_Stored data:_
lemma ggddf_allocation_threshold_form:
  assumes Enn: "\<forall>i\<in>S. 0 \<le> E i" and \<theta>: "power_above S P E \<theta> < x"
    and \<theta>_min: "\<forall>k\<in>S. 0 < E k \<longrightarrow> power_above S P E (E k / P k) < x \<longrightarrow> \<theta> \<le> E k / P k"
  shows "\<forall>i\<in>S. ggddf_allocation S P E x i = (if E i > 0 \<and> E i / P i > \<theta> then P i
    else if E i > 0 \<and> E i / P i = \<theta> then fill_fraction S P E \<theta> x * P i else 0)"
proof
  define A where "A = power_above S P E"
  define B where "B = power_at S P E"
  fix i assume i: "i \<in> S"
  show "ggddf_allocation S P E x i = (if E i > 0 \<and> E i / P i > \<theta> then P i
    else if E i > 0 \<and> E i / P i = \<theta> then fill_fraction S P E \<theta> x * P i else 0)"
  proof (cases "E i > 0")
    case False
    then have "E i = 0" using Enn i by force
    then show ?thesis unfolding ggddf_allocation_def using fill_fraction_zero_duration by simp
  next
    case Ei: True
    consider "E i / P i > \<theta>" | "E i / P i = \<theta>" | "E i / P i < \<theta>" by linarith
    then show ?thesis
    proof cases
      case 1
      have "A (E i / P i) + B (E i / P i) \<le> A \<theta>" unfolding A_def B_def using power_above_add_power_at_le[OF 1] .
      then have "fill_fraction S P E (E i / P i) x = 1" using \<theta> power_at_pos[OF i, of E, OF Ei]
        by (intro fill_fraction_eq_1) (auto simp: A_def B_def)
      then show ?thesis using 1 Ei unfolding ggddf_allocation_def by simp
    next
      case 2 then show ?thesis using Ei unfolding ggddf_allocation_def by simp
    next
      case 3
      have "\<not> A (E i / P i) < x" using \<theta>_min 3 i Ei unfolding A_def by force
      then have "fill_fraction S P E (E i / P i) x = 0" using fill_fraction_eq_0 by (simp add: A_def)
      then show ?thesis using 3 unfolding ggddf_allocation_def by simp
    qed
  qed
qed

lemma sum_ggddf_allocation:
  assumes Enn: "\<forall>i\<in>S. 0 \<le> E i" and j0: "j0 \<in> S" "0 < E j0" "E j0 / P j0 = \<theta>"
    and \<theta>: "power_above S P E \<theta> < x"
    and \<theta>_min: "\<forall>k\<in>S. 0 < E k \<longrightarrow> power_above S P E (E k / P k) < x \<longrightarrow> \<theta> \<le> E k / P k"
  shows "(\<Sum>i\<in>S. ggddf_allocation S P E x i) = min x (\<Sum>i\<in>{i\<in>S. E i > 0}. P i)"
proof -
  define A where "A = power_above S P E"
  define B where "B = power_at S P E"
  define lam where "lam = fill_fraction S P E \<theta> x"
  define tot where "tot = (\<Sum>i\<in>{i\<in>S. E i > 0}. P i)"
  have rates: "\<forall>i\<in>S. ggddf_allocation S P E x i = (if E i > 0 \<and> E i / P i > \<theta> then P i
      else if E i > 0 \<and> E i / P i = \<theta> then lam * P i else 0)"
    using ggddf_allocation_threshold_form[OF Enn \<theta> \<theta>_min] unfolding lam_def .
  have B_pos: "0 < B \<theta>" unfolding B_def using power_at_pos[of j0 E] j0 by auto
  have \<theta>_pos: "0 < \<theta>" using j0 Ppos by auto
  define N1 where "N1 = {i\<in>S. E i > 0 \<and> E i / P i > \<theta>}"
  define N2 where "N2 = {i\<in>S. E i > 0 \<and> E i / P i = \<theta>}"
  define N3 where "N3 = {i\<in>S. E i > 0 \<and> E i / P i < \<theta>}"
  have AN1: "A \<theta> = sum P N1" unfolding A_def power_above_def N1_def by simp
  have BN2: "B \<theta> = sum P N2" unfolding B_def power_at_def N2_def by simp
  have sum_alloc: "(\<Sum>i\<in>S. ggddf_allocation S P E x i) = A \<theta> + lam * B \<theta>"
  proof -
    have "(\<Sum>i\<in>S. ggddf_allocation S P E x i) = (\<Sum>i\<in>S. (if i \<in> N1 then P i else 0) + (if i \<in> N2 then lam * P i else 0))"
      using rates \<theta>_pos by (intro sum.cong) (auto simp: N1_def N2_def)
    also have "\<dots> = sum P N1 + lam * sum P N2"
      using fin by (simp add: sum.distrib sum.If_cases sum_distrib_left N1_def N2_def Int_def)
    finally show ?thesis using AN1 BN2 by simp
  qed
  have tot_split: "tot = A \<theta> + B \<theta> + sum P N3"
  proof -
    have "{i\<in>S. E i > 0} = N1 \<union> N2 \<union> N3" unfolding N1_def N2_def N3_def by auto
    then have "tot = sum P (N1 \<union> N2 \<union> N3)" unfolding tot_def by simp
    also have "\<dots> = sum P N1 + sum P N2 + sum P N3"
    proof -
      have f: "finite N1" "finite N2" "finite N3" using fin unfolding N1_def N2_def N3_def by auto
      have "sum P (N1 \<union> N2 \<union> N3) = sum P (N1 \<union> N2) + sum P N3"
        using f by (intro sum.union_disjoint) (auto simp: N1_def N2_def N3_def)
      also have "sum P (N1 \<union> N2) = sum P N1 + sum P N2"
        using f by (intro sum.union_disjoint) (auto simp: N1_def N2_def N3_def)
      finally show ?thesis .
    qed
    finally show ?thesis using AN1 BN2 by simp
  qed
  have N3_nonneg: "0 \<le> sum P N3" using Ppos unfolding N3_def by (intro sum_nonneg) auto
  show ?thesis
    unfolding tot_def[symmetric]
  proof (cases "x \<le> A \<theta> + B \<theta>")
    case True
    have "lam = (x - A \<theta>) / B \<theta>"
      using True B_pos \<theta> unfolding lam_def fill_fraction_def A_def B_def by (auto simp: field_simps)
    then have "(\<Sum>i\<in>S. ggddf_allocation S P E x i) = x" using sum_alloc B_pos by simp
    then show "(\<Sum>i\<in>S. ggddf_allocation S P E x i) = min x tot" using True tot_split N3_nonneg by simp
  next
    case False
    have "lam = 1" unfolding lam_def using B_pos False by (intro fill_fraction_eq_1) (auto simp: A_def B_def)
    txt \<open>No nonempty store is shorter than \<open>\<theta>\<close>: the longest such store would see only
      \<open>A \<theta> + B \<theta> < x\<close> above it, contradicting the minimality of \<open>\<theta>\<close>.\<close>
    have "N3 = {}"
    proof (rule ccontr)
      assume "N3 \<noteq> {}"
      have fin_N3: "finite N3" using fin unfolding N3_def by auto
      define M3 where "M3 = Max ((\<lambda>j. E j / P j) ` N3)"
      have "M3 \<in> (\<lambda>j. E j / P j) ` N3" unfolding M3_def using fin_N3 \<open>N3 \<noteq> {}\<close> by (intro Max_in) auto
      then obtain k where k: "k \<in> N3" "E k / P k = M3" by auto
      have kmax: "\<forall>j\<in>N3. E j / P j \<le> M3" unfolding M3_def using fin_N3 by auto
      have "{j\<in>S. 0 < E j \<and> M3 < E j / P j} = N1 \<union> N2"
        using k kmax unfolding N1_def N2_def N3_def by force
      then have "A M3 = A \<theta> + B \<theta>" unfolding A_def power_above_def using AN1 BN2 fin
        by (simp add: A_def B_def, subst sum.union_disjoint) (auto simp: N1_def N2_def)
      then have "A (E k / P k) < x" using False k by simp
      then have "\<theta> \<le> E k / P k" using \<theta>_min k unfolding N3_def A_def by auto
      then show False using k unfolding N3_def by auto
    qed
    then show "(\<Sum>i\<in>S. ggddf_allocation S P E x i) = min x tot" using sum_alloc \<open>lam = 1\<close> False tot_split by simp
  qed
qed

_WORK TO BE COMPLETED:_ Return every line above where "lemma" appears.

_EXERCISE ANSWER:_
lemma ggddf_allocation_threshold_form:
lemma sum_ggddf_allocation:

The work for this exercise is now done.